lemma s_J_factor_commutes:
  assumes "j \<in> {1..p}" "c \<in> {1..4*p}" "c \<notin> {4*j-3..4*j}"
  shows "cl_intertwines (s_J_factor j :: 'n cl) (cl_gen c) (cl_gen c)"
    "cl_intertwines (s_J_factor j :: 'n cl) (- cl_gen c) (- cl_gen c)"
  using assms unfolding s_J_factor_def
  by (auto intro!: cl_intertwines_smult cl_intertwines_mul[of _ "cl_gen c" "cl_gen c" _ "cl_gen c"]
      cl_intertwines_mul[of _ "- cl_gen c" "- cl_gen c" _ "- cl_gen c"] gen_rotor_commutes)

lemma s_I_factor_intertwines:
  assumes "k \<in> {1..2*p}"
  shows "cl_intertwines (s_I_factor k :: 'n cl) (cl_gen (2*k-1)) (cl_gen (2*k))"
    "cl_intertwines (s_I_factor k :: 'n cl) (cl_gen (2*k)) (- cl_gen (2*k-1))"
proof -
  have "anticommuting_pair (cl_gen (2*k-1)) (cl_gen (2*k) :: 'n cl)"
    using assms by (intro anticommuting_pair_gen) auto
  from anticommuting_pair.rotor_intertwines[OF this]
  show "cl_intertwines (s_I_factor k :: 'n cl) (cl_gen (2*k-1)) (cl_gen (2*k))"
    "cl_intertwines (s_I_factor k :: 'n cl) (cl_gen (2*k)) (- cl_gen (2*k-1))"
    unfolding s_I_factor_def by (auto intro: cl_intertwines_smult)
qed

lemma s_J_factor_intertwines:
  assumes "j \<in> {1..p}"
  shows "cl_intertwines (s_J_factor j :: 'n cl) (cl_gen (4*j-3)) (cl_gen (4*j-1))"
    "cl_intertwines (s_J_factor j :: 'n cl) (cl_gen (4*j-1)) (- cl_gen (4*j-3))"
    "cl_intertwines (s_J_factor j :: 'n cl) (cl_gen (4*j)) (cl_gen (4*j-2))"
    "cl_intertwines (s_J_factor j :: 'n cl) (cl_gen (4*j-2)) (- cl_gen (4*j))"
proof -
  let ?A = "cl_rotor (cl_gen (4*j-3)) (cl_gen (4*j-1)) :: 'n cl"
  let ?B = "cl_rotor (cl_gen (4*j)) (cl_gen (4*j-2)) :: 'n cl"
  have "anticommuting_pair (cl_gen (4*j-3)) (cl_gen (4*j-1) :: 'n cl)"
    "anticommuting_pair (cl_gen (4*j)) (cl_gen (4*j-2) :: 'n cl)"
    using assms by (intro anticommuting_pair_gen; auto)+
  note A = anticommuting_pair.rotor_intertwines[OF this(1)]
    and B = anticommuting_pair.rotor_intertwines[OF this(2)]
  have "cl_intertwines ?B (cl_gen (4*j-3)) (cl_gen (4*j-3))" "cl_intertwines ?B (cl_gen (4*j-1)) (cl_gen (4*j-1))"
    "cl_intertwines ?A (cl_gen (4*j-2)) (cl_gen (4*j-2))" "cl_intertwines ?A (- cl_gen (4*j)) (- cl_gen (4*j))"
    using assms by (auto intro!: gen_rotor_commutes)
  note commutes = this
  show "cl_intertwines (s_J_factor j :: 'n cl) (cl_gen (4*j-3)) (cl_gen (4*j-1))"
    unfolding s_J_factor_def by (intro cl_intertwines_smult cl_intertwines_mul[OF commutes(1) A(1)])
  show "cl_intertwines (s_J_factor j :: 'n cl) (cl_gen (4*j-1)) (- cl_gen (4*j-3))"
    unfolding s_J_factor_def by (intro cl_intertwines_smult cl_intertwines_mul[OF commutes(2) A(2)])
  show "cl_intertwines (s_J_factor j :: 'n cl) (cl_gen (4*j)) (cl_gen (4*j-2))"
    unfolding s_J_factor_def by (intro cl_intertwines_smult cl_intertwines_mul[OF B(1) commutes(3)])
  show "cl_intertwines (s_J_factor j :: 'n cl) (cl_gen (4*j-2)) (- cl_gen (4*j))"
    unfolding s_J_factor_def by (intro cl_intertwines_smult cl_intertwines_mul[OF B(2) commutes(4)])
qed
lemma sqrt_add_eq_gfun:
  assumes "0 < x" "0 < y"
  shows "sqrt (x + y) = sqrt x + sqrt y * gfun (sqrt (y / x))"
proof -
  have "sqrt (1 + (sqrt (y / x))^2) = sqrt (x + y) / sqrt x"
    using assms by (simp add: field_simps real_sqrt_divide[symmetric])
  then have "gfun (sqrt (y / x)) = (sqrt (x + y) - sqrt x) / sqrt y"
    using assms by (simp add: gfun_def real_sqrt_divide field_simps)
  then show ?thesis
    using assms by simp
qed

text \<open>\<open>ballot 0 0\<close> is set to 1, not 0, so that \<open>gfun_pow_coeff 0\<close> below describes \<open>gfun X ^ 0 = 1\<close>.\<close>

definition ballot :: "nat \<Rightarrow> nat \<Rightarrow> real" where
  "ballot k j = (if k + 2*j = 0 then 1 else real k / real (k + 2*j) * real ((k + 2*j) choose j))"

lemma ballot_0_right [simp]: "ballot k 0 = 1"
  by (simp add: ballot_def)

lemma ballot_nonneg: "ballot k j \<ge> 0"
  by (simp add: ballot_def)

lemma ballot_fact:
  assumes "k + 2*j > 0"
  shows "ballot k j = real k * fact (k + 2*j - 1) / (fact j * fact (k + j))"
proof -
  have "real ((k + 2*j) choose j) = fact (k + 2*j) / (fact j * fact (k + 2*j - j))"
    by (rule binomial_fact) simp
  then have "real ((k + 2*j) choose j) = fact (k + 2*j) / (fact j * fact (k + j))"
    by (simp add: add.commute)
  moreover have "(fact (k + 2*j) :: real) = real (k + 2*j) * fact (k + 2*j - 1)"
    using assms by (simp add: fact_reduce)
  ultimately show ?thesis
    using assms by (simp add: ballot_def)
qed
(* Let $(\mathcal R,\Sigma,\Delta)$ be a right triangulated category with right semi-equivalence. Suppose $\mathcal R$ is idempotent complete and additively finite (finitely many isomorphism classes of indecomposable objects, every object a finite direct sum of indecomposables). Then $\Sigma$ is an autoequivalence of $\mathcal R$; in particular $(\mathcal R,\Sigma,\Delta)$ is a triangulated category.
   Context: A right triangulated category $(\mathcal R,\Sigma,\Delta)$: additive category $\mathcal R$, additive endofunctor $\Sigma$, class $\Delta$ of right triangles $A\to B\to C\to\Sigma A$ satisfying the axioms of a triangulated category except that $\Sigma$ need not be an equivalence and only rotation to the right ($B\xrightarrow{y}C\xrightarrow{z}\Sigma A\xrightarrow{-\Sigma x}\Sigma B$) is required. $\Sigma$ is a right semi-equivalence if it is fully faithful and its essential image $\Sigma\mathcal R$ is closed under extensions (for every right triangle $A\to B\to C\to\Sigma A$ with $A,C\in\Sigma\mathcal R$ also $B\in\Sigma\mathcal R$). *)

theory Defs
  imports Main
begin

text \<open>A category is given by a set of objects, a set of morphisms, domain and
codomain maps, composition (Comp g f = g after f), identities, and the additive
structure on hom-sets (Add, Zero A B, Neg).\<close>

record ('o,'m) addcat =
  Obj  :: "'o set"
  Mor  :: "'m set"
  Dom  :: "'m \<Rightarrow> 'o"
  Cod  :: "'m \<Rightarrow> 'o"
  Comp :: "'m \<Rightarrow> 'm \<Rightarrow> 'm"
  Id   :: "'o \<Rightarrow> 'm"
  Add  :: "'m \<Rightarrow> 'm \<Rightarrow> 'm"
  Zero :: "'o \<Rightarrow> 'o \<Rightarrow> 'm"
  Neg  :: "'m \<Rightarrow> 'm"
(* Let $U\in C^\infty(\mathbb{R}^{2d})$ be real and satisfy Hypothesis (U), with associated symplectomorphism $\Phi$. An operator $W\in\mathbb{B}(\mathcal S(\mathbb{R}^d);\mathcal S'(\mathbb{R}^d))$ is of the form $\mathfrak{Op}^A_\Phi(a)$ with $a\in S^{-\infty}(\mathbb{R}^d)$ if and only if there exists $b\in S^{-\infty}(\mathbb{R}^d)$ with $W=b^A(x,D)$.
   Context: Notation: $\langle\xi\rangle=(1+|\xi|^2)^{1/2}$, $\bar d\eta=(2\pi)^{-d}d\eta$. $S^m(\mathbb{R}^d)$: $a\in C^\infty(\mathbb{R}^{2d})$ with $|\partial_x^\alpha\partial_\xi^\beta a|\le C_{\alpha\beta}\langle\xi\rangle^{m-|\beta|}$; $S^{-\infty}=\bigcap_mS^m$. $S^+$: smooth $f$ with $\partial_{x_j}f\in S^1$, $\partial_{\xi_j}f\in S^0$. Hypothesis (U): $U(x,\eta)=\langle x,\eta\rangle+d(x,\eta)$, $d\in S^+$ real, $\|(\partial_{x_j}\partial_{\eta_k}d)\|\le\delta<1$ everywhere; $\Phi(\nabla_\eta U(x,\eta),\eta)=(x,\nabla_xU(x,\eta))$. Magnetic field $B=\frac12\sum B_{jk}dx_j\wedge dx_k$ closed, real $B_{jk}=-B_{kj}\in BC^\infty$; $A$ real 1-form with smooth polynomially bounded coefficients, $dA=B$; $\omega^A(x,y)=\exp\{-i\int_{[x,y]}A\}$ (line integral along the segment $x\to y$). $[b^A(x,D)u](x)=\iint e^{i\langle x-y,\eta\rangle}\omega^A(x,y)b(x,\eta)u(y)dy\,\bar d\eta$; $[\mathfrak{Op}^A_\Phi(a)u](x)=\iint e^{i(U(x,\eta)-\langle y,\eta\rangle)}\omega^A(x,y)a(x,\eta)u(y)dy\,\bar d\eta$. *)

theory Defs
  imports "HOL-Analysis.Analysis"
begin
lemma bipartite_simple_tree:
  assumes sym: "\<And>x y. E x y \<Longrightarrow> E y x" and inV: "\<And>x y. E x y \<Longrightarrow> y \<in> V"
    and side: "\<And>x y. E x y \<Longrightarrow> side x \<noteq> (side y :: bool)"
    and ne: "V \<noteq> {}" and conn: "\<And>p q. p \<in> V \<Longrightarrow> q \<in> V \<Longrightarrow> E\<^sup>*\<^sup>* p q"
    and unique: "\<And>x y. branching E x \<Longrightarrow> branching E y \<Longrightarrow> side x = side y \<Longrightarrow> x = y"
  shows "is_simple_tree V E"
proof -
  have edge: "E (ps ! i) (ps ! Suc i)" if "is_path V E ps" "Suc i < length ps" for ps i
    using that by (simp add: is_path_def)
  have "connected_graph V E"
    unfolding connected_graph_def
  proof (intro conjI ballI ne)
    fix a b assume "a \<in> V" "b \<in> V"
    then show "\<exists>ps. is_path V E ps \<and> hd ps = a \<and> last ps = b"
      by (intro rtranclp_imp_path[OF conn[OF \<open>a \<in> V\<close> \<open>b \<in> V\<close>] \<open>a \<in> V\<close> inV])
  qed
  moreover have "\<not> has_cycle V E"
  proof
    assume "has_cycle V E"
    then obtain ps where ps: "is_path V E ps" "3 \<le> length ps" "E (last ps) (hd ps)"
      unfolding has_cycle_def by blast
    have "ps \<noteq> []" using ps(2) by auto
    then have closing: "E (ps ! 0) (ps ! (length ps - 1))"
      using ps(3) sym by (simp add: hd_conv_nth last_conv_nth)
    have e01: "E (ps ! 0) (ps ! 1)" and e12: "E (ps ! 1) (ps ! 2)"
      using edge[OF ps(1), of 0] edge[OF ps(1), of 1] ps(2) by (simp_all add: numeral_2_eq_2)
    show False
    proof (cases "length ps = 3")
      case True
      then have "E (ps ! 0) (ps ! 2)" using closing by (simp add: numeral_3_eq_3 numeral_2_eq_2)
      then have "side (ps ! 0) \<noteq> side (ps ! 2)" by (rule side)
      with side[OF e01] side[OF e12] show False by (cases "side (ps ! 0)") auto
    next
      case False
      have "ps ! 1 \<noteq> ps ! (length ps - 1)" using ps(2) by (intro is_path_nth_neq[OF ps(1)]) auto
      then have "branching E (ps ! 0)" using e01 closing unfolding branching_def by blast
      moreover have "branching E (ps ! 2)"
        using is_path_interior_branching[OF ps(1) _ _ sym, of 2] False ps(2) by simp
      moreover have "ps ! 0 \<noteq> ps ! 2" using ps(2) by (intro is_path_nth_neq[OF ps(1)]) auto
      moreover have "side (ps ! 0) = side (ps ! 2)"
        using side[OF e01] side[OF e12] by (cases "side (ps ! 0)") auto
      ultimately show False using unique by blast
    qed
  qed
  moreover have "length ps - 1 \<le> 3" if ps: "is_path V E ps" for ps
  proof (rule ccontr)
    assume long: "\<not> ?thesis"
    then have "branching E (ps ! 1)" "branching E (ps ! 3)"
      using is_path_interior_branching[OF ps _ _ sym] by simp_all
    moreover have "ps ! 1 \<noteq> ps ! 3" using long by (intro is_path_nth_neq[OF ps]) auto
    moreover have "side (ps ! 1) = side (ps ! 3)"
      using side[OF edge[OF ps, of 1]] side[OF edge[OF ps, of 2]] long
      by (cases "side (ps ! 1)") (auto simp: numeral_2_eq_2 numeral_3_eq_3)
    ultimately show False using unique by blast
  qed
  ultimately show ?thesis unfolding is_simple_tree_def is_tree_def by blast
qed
━━━━━━━━━━━━━━━━━━━━
Exercise goal: From the records above, copy each line that contains the word "only".

The answer:
   Context: A right triangulated category $(\mathcal R,\Sigma,\Delta)$: additive category $\mathcal R$, additive endofunctor $\Sigma$, class $\Delta$ of right triangles $A\to B\to C\to\Sigma A$ satisfying the axioms of a triangulated category except that $\Sigma$ need not be an equivalence and only rotation to the right ($B\xrightarrow{y}C\xrightarrow{z}\Sigma A\xrightarrow{-\Sigma x}\Sigma B$) is required. $\Sigma$ is a right semi-equivalence if it is fully faithful and its essential image $\Sigma\mathcal R$ is closed under extensions (for every right triangle $A\to B\to C\to\Sigma A$ with $A,C\in\Sigma\mathcal R$ also $B\in\Sigma\mathcal R$). *)
(* Let $U\in C^\infty(\mathbb{R}^{2d})$ be real and satisfy Hypothesis (U), with associated symplectomorphism $\Phi$. An operator $W\in\mathbb{B}(\mathcal S(\mathbb{R}^d);\mathcal S'(\mathbb{R}^d))$ is of the form $\mathfrak{Op}^A_\Phi(a)$ with $a\in S^{-\infty}(\mathbb{R}^d)$ if and only if there exists $b\in S^{-\infty}(\mathbb{R}^d)$ with $W=b^A(x,D)$.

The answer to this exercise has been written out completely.